# Dishwasher not completely draining



## all3aok (Mar 21, 2009)

I have a less than 2year old kenmore elite dishwasher that is not completely draining.  we did just replace the garbage disposal. after that repair was complete is when i noticed it was not draining.  The water seems just like rinse water... rather clear and no odor that I have found.  I also have a drain button and have tried that several times with no luck.  Would the disposal have anything to do with it or any other suggestions??

katy


----------



## Wirenuts (Mar 26, 2009)

It is possible that if the dishwasher is draining into the disposal that the drain line connection is too small where the dishwasher pipe hooks into the disposal connection, you could run the drain cycle into a five gallon bucket for a test, and if that doesn't solve the problem I would check the impeller screen inside the unit (disconnect power to the appliance at the circuit breaker box first!) and see if you have gunk blocking the drain.  Do you rinse off the your dishes before loading them (always a good idea) or do you put them in with food scraps? If the latter, you probably have a plugged drain line.  I hope this helps you out.


----------



## Quattro (Mar 26, 2009)

Yes, first check the connection at the disposal. Remove the drain hose and look into the nipple with a flash light. It may be partially clogged, or it might have a knock-out that didn't get all the way knocked-out. 

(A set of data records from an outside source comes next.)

(* A subset $S\subseteq N^{\mathbb N}$ is a safety constraint if and only if there exists $P\in\Omega$ (a prefix-free subset of $N^+$) such that $S=C_\omega(P)$, where $\omega$ is the final detector.
   Context: Fix a finite nonempty set $N$; $N^+$ is the set of nonempty finite words, $N^{\mathbb N}$ the set of streams; $s[0{:}m]$ is the prefix of length $m$, $s[m{:}]$ the suffix $k\mapsto s(k+m)$; for a set $A$ of words, $n^{-1}\cdot A=\{u:nu\in A\}$; a set of words is prefix-free if no proper prefix (including the empty word) of a member is a member. A safety constraint is a set $S\subseteq N^{\mathbb N}$ such that any $s$ with "for every $m$ there is $s'\in S$ with $s'[0{:}m]=s[0{:}m]$" belongs to $S$. Let $\mathbf 1=\{\Downarrow\}$. A detector is a set $|a|$ with $a:|a|\to(\mathbf 1+|a|)^N$. The final detector $\omega$ has carrier $\Omega$, the set of prefix-free subsets of $N^+$, with $\omega(P)(n)=\Downarrow$ if $n\in P$ and $n^{-1}\cdot P$ otherwise. For $s\in N^{\mathbb N}$, $\mathrm{Join}([s],a)$ maps $(t,y)\in\{s[k{:}]\}\times|a|$ to $\Downarrow$ if $a(y)(t(0))=\Downarrow$, else to $(t[1{:}],a(y)(t(0)))$; iterates $g^{(1)}=g$, $g^{(k+1)}(z)=\Downarrow$ if $g^{(k)}(z)=\Downarrow$, else $g(g^{(k)}(z))$. $C_a(x)=\{s\in N^{\mathbb N}:\mathrm{Join}([s],a)^{(k)}(s,x)\neq\Downarrow\ \forall k\ge1\}$. *)

theory Defs
  imports Main
begin

text \<open>Streams over N are functions nat => 'n; words are lists. The terminal value
  (Downarrow) of 1 + X is represented by None, and x in X by Some x.\<close>

definition safety :: "(nat \<Rightarrow> 'n) set \<Rightarrow> bool" where
  "safety S \<longleftrightarrow> (\<forall>s. (\<forall>m. \<exists>s'\<in>S. \<forall>i<m. s' i = s i) \<longrightarrow> s \<in> S)"

definition prefix_free :: "'n list set \<Rightarrow> bool" where
  "prefix_free A \<longleftrightarrow> (\<forall>w\<in>A. \<forall>k<length w. take k w \<notin> A)"

definition Omega :: "'n list set set" where
  "Omega = {P. P \<subseteq> {w. w \<noteq> []} \<and> prefix_free P}"

definition lquot :: "'n \<Rightarrow> 'n list set \<Rightarrow> 'n list set" where
  "lquot n A = {u. n # u \<in> A}"

definition omega :: "'n list set \<Rightarrow> 'n \<Rightarrow> 'n list set option" where
  "omega P n = (if [n] \<in> P then None else Some (lquot n P))"

definition Join :: "('x \<Rightarrow> 'n \<Rightarrow> 'x option) \<Rightarrow> (nat \<Rightarrow> 'n) \<times> 'x \<Rightarrow> ((nat \<Rightarrow> 'n) \<times> 'x) option" where
  "Join a z = (case a (snd z) (fst z 0) of None \<Rightarrow> None
                | Some y' \<Rightarrow> Some (\<lambda>k. fst z (Suc k), y'))"

primrec iter :: "('z \<Rightarrow> 'z option) \<Rightarrow> nat \<Rightarrow> 'z \<Rightarrow> 'z option" where
  "iter g 0 z = Some z"
| "iter g (Suc k) z = (case iter g k z of None \<Rightarrow> None | Some z' \<Rightarrow> g z')"

definition C :: "('x \<Rightarrow> 'n \<Rightarrow> 'x option) \<Rightarrow> 'x \<Rightarrow> (nat \<Rightarrow> 'n) set" where
  "C a x = {s. \<forall>k\<ge>1. iter (Join a) k (s, x) \<noteq> None}"

end

theory Submission
  imports Defs "HOL-Library.Omega_Words_Fun"
begin

text \<open>Running the final detector from a state P along a stream s keeps the residual
  language of P after the prefix read so far, and halts exactly when a nonempty prefix of s
  lies in P; so C omega P consists of the streams with no nonempty prefix in P, and such a
  set of streams is closed under agreement on all prefixes. Conversely, for a safety
  constraint S call a word bad if it is a prefix of no stream in S. A stream outside S has a
  bad prefix, and the shortest nonempty bad prefixes form a prefix-free set P with
  S = C omega P.\<close>

lemma prefix_eq_iff: "prefix m s' = prefix m s \<longleftrightarrow> (\<forall>i<m. s' i = s i)"
  by (simp add: subsequence_def list_eq_iff_nth_eq)

lemma take_prefix: "k \<le> j \<Longrightarrow> take k (prefix j s) = prefix k s"
  by (simp add: min_def)

(* Qualified because Omega_Words_Fun also defines an iter. *)
lemma iter_Join_omega:
  "Defs.iter (Join omega) k (s, P) =
    (if \<exists>j\<in>{1..k}. prefix j s \<in> P then None
     else Some (suffix k s, {u. prefix k s @ u \<in> P}))"
proof (induction k)
  case 0
  then show ?case by (simp add: subsequence_def)
next
  case (Suc k)
  show ?case
  proof (cases "\<exists>j\<in>{1..k}. prefix j s \<in> P")
    case True
    then have "\<exists>j\<in>{1..Suc k}. prefix j s \<in> P" by force
    then show ?thesis using Suc True by simp
  next
    case False
    then have first_hit: "(\<exists>j\<in>{1..Suc k}. prefix j s \<in> P) \<longleftrightarrow> prefix (Suc k) s \<in> P"
      by (simp add: atLeastAtMostSuc_conv del: subseq_to_Suc)
    have iter_k: "Defs.iter (Join omega) k (s, P) = Some (suffix k s, {u. prefix k s @ u \<in> P})"
      using Suc False by simp
    show ?thesis
      unfolding iter.simps(2) iter_k first_hit
      by (simp add: Join_def omega_def lquot_def suffix_def)
  qed
qed

lemma C_omega: "C omega P = {s. \<forall>j\<ge>1. prefix j s \<notin> P}"
proof -
  have "Defs.iter (Join omega) k (s, P) \<noteq> None \<longleftrightarrow> (\<forall>j. 1 \<le> j \<and> j \<le> k \<longrightarrow> prefix j s \<notin> P)"
    for k s
    by (simp add: iter_Join_omega Bex_def)
  then show ?thesis
    unfolding C_def by blast
qed

lemma safety_prefix_avoiding: "safety {s. \<forall>j\<ge>1. prefix j s \<notin> A}"
  unfolding safety_def
proof (intro allI impI CollectI)
  fix s and j :: nat
  assume "\<forall>m. \<exists>s'\<in>{s. \<forall>j\<ge>1. prefix j s \<notin> A}. \<forall>i<m. s' i = s i" and "1 \<le> j"
  then obtain s' where "prefix j s' \<notin> A" and "prefix j s' = prefix j s"
    unfolding prefix_eq_iff by blast
  then show "prefix j s \<notin> A"
    by simp
qed

definition bad_prefixes :: "(nat \<Rightarrow> 'n) set \<Rightarrow> 'n list set" where
  "bad_prefixes S = {w. \<forall>s\<in>S. prefix (length w) s \<noteq> w}"

definition minimal_bad_prefixes :: "(nat \<Rightarrow> 'n) set \<Rightarrow> 'n list set" where
  "minimal_bad_prefixes S =
    {w \<in> bad_prefixes S. w \<noteq> [] \<and> (\<forall>k. 1 \<le> k \<and> k < length w \<longrightarrow> take k w \<notin> bad_prefixes S)}"

lemma minimal_bad_prefixes_Omega: "minimal_bad_prefixes S \<in> Omega"
  unfolding Omega_def prefix_free_def minimal_bad_prefixes_def
  by (auto simp: Suc_le_eq)

lemma bad_prefix_mono:
  assumes "prefix k s \<in> bad_prefixes S" and "k \<le> j"
  shows "prefix j s \<in> bad_prefixes S"
  using assms unfolding bad_prefixes_def by (auto simp: prefix_eq_iff dest: less_le_trans)

lemma safety_has_bad_prefix:
  assumes "safety S" and "s \<notin> S"
  shows "\<exists>m. prefix m s \<in> bad_prefixes S"
proof -
  from assms obtain m where "\<not> (\<exists>s'\<in>S. \<forall>i<m. s' i = s i)"
    unfolding safety_def by blast
  then have "prefix m s \<in> bad_prefixes S"
    by (auto simp: bad_prefixes_def prefix_eq_iff)
  then show ?thesis ..
qed

lemma bad_prefix_imp_minimal:
  assumes "prefix m s \<in> bad_prefixes S"
  shows "\<exists>j\<ge>1. prefix j s \<in> minimal_bad_prefixes S"
proof -
  let ?bad = "\<lambda>j. 1 \<le> j \<and> prefix j s \<in> bad_prefixes S"
  have "?bad (max m 1)"
    using bad_prefix_mono[OF assms, of "max m 1"] by simp
  then have least: "?bad (Least ?bad)"
    by (rule LeastI)
  have "prefix k s \<notin> bad_prefixes S" if "1 \<le> k" "k < Least ?bad" for k
    using not_less_Least[OF that(2)] that(1) by blast
  with least have "prefix (Least ?bad) s \<in> minimal_bad_prefixes S"
    by (auto simp: minimal_bad_prefixes_def take_prefix)
  with least show ?thesis by blast
qed

lemma safety_eq_C_omega:
  assumes "safety S"
  shows "S = C omega (minimal_bad_prefixes S)"
proof
  show "S \<subseteq> C omega (minimal_bad_prefixes S)"
    by (auto simp: C_omega minimal_bad_prefixes_def bad_prefixes_def)
  show "C omega (minimal_bad_prefixes S) \<subseteq> S"
  proof
    fix s
    assume "s \<in> C omega (minimal_bad_prefixes S)"
    then have "\<forall>j\<ge>1. prefix j s \<notin> minimal_bad_prefixes S"
      by (simp add: C_omega)
    then show "s \<in> S"
      using safety_has_bad_prefix[OF assms, of s] bad_prefix_imp_minimal by blast
  qed
qed

theorem mainTheorem13:
  fixes S :: "(nat \<Rightarrow> 'n::finite) set"
  shows "safety S \<longleftrightarrow> (\<exists>P\<in>Omega. S = C omega P)"
proof
  assume "safety S"
  then show "\<exists>P\<in>Omega. S = C omega P"
    using safety_eq_C_omega minimal_bad_prefixes_Omega by blast
next
  assume "\<exists>P\<in>Omega. S = C omega P"
  then show "safety S"
    using safety_prefix_avoiding by (auto simp: C_omega)
qed

end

This happened to me after I installed my new dishwasher. When it drained, I would hear a rather loud sound coming from the sink drain...like pressurized water entering the disposal. I just thought that's how those things worked, since I never had a DW before. But, as soon as the DW started not draining completely, I knew there was a problem. Once I realized the drain line was clear, I looked at the connection with the disposal. The old DW was hooked up to this same inlet, so I assumed it was OK when I installed the new DW. Turns out, there was a plastic knock-out in there (in case you don't have a DW) that was only partially knocked-out. In fact, it looked like the previous owner/installer just punched a hole in it with a screwdriver and called it good! Needless to say, it was clogged with food and stuff. I popped the knock-out all the way out, and it has been working 100% since, without the high-pressure water sound!


----------